==== Information provided ====

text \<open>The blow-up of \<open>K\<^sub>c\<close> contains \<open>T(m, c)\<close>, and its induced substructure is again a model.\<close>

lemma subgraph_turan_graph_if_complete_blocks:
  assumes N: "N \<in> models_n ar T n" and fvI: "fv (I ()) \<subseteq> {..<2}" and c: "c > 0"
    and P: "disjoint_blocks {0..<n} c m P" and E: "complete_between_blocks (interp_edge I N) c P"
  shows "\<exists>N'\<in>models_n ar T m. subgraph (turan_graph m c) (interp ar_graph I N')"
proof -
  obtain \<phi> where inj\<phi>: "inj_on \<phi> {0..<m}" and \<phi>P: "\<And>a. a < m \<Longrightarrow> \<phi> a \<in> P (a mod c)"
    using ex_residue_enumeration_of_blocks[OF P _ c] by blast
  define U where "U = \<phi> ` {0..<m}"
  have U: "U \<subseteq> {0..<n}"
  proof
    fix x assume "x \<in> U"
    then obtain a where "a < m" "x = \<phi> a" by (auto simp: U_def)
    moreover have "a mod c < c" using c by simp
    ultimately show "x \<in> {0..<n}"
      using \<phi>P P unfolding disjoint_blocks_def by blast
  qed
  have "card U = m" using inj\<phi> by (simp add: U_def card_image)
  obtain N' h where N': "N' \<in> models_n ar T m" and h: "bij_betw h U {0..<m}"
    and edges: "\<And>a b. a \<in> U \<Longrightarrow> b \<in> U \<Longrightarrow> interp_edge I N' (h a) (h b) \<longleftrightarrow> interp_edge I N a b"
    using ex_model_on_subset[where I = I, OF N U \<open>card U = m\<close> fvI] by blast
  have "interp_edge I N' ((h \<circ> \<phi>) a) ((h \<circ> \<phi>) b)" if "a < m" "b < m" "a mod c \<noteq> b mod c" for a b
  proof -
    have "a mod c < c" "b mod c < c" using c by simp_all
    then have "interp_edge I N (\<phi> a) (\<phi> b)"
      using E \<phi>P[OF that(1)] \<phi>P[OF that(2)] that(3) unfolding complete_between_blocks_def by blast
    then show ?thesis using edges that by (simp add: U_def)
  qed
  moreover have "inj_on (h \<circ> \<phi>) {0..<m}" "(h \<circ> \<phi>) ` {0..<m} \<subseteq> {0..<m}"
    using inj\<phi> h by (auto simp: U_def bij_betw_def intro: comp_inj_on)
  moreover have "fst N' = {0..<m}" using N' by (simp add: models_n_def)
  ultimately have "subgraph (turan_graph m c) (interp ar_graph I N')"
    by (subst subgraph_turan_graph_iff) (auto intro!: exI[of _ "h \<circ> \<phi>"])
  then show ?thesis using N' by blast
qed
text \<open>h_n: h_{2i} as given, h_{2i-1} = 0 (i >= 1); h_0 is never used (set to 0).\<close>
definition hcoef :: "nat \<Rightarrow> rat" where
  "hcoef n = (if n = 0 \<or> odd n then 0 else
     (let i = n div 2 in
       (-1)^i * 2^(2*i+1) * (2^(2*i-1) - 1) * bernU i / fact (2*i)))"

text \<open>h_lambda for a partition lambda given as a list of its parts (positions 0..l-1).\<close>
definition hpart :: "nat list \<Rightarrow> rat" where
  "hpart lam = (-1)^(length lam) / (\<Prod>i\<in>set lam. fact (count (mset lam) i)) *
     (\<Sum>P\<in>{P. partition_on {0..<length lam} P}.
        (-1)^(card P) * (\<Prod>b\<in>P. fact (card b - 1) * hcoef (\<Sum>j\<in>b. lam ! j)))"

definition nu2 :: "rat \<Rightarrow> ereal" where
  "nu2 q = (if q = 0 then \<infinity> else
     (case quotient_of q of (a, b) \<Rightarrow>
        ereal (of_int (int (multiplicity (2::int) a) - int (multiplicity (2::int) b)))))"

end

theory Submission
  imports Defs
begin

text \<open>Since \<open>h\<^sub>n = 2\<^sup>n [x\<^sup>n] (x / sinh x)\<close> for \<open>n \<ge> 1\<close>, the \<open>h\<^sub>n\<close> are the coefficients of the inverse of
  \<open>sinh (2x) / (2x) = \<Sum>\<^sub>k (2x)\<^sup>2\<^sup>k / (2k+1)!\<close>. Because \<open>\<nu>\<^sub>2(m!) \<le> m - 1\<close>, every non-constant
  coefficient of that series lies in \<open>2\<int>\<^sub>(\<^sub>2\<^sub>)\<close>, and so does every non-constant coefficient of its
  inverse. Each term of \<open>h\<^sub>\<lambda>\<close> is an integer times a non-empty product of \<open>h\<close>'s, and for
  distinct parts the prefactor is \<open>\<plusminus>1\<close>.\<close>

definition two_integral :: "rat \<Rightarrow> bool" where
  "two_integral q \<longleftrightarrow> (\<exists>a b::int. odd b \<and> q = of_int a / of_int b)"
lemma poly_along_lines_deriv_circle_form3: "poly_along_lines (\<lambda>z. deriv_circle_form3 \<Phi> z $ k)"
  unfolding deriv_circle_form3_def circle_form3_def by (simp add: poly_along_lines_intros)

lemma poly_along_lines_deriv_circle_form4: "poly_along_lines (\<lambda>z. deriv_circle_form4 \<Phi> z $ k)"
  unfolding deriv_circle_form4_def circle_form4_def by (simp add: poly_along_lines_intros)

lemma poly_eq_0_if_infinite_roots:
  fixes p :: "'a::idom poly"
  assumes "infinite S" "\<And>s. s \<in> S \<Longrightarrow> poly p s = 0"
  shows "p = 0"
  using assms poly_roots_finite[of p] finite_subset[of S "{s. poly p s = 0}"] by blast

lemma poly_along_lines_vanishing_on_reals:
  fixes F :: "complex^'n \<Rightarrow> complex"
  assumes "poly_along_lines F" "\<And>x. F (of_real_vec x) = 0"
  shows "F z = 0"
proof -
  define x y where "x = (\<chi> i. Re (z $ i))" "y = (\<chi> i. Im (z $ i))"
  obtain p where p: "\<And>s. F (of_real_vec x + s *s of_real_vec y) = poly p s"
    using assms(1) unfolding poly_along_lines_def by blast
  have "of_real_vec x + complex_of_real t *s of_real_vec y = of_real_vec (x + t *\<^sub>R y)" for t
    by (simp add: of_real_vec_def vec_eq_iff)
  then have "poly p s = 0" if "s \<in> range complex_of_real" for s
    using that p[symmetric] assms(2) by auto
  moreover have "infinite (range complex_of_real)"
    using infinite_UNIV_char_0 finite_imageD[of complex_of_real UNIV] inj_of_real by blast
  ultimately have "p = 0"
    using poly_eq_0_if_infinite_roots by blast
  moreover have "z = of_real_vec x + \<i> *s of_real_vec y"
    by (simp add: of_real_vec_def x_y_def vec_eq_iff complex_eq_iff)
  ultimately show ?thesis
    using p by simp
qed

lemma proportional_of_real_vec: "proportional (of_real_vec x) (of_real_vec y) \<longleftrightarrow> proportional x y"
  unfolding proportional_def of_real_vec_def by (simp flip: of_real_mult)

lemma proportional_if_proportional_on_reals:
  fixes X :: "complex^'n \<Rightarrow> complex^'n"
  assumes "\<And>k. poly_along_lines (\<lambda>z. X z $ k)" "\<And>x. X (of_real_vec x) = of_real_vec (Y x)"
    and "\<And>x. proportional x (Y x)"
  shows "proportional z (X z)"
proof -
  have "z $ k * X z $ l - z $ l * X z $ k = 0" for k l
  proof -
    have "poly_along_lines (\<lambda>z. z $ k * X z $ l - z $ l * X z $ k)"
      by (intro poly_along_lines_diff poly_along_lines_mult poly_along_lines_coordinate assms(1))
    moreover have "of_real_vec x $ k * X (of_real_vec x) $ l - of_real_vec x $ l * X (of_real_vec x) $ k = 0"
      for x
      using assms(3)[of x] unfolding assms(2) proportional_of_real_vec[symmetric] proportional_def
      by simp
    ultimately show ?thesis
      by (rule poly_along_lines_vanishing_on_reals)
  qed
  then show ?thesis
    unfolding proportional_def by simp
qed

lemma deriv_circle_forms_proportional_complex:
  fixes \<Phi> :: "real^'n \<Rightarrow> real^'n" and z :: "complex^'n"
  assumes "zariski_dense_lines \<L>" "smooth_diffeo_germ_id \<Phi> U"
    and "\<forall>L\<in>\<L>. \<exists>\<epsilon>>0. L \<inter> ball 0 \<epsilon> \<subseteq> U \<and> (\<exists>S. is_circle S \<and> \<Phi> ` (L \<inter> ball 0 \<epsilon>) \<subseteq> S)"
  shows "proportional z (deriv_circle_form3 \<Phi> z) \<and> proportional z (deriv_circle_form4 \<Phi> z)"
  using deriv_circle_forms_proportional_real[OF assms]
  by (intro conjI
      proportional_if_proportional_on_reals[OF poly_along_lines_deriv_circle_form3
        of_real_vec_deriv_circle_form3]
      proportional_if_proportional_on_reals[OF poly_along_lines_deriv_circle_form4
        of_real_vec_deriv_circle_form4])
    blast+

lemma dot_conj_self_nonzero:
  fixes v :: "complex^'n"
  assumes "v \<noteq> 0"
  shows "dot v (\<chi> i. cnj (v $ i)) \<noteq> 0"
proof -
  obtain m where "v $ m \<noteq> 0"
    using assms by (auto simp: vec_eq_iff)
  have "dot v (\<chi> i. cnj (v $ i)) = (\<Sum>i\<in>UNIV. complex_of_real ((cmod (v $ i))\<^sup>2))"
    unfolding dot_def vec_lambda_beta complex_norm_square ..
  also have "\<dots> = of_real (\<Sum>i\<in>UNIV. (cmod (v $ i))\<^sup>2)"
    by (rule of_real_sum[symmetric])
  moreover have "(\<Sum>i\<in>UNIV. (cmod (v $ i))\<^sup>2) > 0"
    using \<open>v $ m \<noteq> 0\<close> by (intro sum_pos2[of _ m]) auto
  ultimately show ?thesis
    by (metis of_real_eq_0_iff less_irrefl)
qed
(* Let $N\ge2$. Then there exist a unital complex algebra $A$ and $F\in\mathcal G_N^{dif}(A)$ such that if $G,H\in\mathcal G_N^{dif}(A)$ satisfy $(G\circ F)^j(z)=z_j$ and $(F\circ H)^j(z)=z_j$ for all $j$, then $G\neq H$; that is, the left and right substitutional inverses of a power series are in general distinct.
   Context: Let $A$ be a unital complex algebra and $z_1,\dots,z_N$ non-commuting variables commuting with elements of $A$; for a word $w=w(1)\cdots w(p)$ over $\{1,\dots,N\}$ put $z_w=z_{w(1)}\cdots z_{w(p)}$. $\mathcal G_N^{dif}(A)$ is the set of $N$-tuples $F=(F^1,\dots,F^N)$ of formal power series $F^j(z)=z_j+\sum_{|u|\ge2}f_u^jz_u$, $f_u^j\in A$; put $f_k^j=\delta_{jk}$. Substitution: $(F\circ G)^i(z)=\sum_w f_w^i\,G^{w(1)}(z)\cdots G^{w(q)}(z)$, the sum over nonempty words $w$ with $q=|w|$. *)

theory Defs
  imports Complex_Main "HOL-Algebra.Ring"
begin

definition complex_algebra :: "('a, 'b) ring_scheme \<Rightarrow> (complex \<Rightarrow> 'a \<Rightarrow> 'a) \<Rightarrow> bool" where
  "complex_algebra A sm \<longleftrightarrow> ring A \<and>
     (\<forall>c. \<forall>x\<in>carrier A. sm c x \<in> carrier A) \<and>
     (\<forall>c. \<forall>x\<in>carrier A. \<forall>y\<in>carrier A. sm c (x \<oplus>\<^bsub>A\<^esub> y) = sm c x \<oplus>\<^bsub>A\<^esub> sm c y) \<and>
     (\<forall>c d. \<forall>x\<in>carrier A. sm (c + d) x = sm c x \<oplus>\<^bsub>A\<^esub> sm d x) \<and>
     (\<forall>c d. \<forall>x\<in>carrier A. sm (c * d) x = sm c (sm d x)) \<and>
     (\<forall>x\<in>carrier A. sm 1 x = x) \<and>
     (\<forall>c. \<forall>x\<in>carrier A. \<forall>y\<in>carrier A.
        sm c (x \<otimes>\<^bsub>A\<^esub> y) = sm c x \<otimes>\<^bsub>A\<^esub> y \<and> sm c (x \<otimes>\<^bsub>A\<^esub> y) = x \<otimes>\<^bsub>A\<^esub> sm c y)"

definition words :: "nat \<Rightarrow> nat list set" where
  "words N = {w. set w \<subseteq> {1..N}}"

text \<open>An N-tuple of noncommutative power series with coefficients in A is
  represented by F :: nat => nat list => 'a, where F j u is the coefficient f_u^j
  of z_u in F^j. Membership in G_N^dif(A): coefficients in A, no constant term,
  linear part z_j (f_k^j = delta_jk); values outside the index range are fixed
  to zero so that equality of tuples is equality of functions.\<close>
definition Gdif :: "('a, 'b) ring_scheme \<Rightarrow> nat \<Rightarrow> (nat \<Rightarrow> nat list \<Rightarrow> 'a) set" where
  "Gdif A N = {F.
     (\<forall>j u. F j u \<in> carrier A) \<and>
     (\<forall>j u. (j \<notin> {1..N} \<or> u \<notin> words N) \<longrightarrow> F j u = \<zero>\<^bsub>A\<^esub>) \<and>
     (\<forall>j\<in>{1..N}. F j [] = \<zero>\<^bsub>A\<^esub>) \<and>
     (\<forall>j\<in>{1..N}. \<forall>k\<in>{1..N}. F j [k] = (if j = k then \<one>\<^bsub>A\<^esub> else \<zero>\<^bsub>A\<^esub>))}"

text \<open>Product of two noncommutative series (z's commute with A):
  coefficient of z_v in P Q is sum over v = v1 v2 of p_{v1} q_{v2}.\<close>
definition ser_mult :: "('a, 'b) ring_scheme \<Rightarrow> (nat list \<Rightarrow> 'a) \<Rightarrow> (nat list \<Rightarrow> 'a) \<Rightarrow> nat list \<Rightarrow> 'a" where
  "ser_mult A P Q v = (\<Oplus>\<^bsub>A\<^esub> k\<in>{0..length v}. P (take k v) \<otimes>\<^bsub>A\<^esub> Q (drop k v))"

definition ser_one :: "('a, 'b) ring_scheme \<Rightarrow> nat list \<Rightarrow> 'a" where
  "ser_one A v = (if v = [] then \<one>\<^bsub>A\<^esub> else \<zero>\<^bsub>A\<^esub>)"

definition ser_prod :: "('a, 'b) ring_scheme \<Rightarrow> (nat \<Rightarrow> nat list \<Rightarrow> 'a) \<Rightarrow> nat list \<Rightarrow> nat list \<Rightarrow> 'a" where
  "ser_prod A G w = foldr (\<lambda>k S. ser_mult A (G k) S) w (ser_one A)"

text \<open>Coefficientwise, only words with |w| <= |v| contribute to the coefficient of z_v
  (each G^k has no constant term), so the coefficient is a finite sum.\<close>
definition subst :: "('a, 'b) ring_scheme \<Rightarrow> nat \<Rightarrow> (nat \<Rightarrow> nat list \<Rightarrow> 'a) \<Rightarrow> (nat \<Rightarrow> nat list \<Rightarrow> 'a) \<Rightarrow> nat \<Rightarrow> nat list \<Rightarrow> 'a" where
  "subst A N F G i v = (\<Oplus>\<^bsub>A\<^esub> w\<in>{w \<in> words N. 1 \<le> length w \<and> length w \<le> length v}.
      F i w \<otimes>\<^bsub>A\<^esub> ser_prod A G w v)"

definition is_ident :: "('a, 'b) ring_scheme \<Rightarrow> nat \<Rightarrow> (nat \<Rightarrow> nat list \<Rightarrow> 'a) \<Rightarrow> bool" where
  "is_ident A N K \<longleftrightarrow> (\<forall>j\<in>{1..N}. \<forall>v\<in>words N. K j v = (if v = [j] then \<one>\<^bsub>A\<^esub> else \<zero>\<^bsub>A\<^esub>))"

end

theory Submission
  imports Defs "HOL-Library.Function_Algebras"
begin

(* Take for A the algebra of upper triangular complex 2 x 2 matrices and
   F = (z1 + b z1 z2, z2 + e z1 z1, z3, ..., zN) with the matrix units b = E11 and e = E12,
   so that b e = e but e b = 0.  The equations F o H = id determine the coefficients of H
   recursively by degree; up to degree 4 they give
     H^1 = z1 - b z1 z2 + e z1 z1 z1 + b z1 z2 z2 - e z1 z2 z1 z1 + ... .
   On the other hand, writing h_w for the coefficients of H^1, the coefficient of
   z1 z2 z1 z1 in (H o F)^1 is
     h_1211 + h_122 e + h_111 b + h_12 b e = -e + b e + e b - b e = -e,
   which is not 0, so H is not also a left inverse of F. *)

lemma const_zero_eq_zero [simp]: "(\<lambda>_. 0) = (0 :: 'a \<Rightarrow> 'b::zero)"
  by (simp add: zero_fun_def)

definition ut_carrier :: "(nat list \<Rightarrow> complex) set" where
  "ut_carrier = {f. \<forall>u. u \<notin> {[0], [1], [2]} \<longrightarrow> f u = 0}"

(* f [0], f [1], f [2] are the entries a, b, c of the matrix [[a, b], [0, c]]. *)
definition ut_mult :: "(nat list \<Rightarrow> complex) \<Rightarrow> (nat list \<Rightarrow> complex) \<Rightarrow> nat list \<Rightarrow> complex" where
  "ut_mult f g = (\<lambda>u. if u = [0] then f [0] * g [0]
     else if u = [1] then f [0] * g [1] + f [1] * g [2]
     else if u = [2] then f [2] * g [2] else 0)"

====

** Your assignment **
Above are some records; copy exactly the lines from the one with "unfolding dot_def vec_lambda_beta" through the one with "c y) \<and>", both included, and no others.

** Task response **
    unfolding dot_def vec_lambda_beta complex_norm_square ..
  also have "\<dots> = of_real (\<Sum>i\<in>UNIV. (cmod (v $ i))\<^sup>2)"
    by (rule of_real_sum[symmetric])
  moreover have "(\<Sum>i\<in>UNIV. (cmod (v $ i))\<^sup>2) > 0"
    using \<open>v $ m \<noteq> 0\<close> by (intro sum_pos2[of _ m]) auto
  ultimately show ?thesis
    by (metis of_real_eq_0_iff less_irrefl)
qed
(* Let $N\ge2$. Then there exist a unital complex algebra $A$ and $F\in\mathcal G_N^{dif}(A)$ such that if $G,H\in\mathcal G_N^{dif}(A)$ satisfy $(G\circ F)^j(z)=z_j$ and $(F\circ H)^j(z)=z_j$ for all $j$, then $G\neq H$; that is, the left and right substitutional inverses of a power series are in general distinct.
   Context: Let $A$ be a unital complex algebra and $z_1,\dots,z_N$ non-commuting variables commuting with elements of $A$; for a word $w=w(1)\cdots w(p)$ over $\{1,\dots,N\}$ put $z_w=z_{w(1)}\cdots z_{w(p)}$. $\mathcal G_N^{dif}(A)$ is the set of $N$-tuples $F=(F^1,\dots,F^N)$ of formal power series $F^j(z)=z_j+\sum_{|u|\ge2}f_u^jz_u$, $f_u^j\in A$; put $f_k^j=\delta_{jk}$. Substitution: $(F\circ G)^i(z)=\sum_w f_w^i\,G^{w(1)}(z)\cdots G^{w(q)}(z)$, the sum over nonempty words $w$ with $q=|w|$. *)

theory Defs
  imports Complex_Main "HOL-Algebra.Ring"
begin

definition complex_algebra :: "('a, 'b) ring_scheme \<Rightarrow> (complex \<Rightarrow> 'a \<Rightarrow> 'a) \<Rightarrow> bool" where
  "complex_algebra A sm \<longleftrightarrow> ring A \<and>
     (\<forall>c. \<forall>x\<in>carrier A. sm c x \<in> carrier A) \<and>
     (\<forall>c. \<forall>x\<in>carrier A. \<forall>y\<in>carrier A. sm c (x \<oplus>\<^bsub>A\<^esub> y) = sm c x \<oplus>\<^bsub>A\<^esub> sm c y) \<and>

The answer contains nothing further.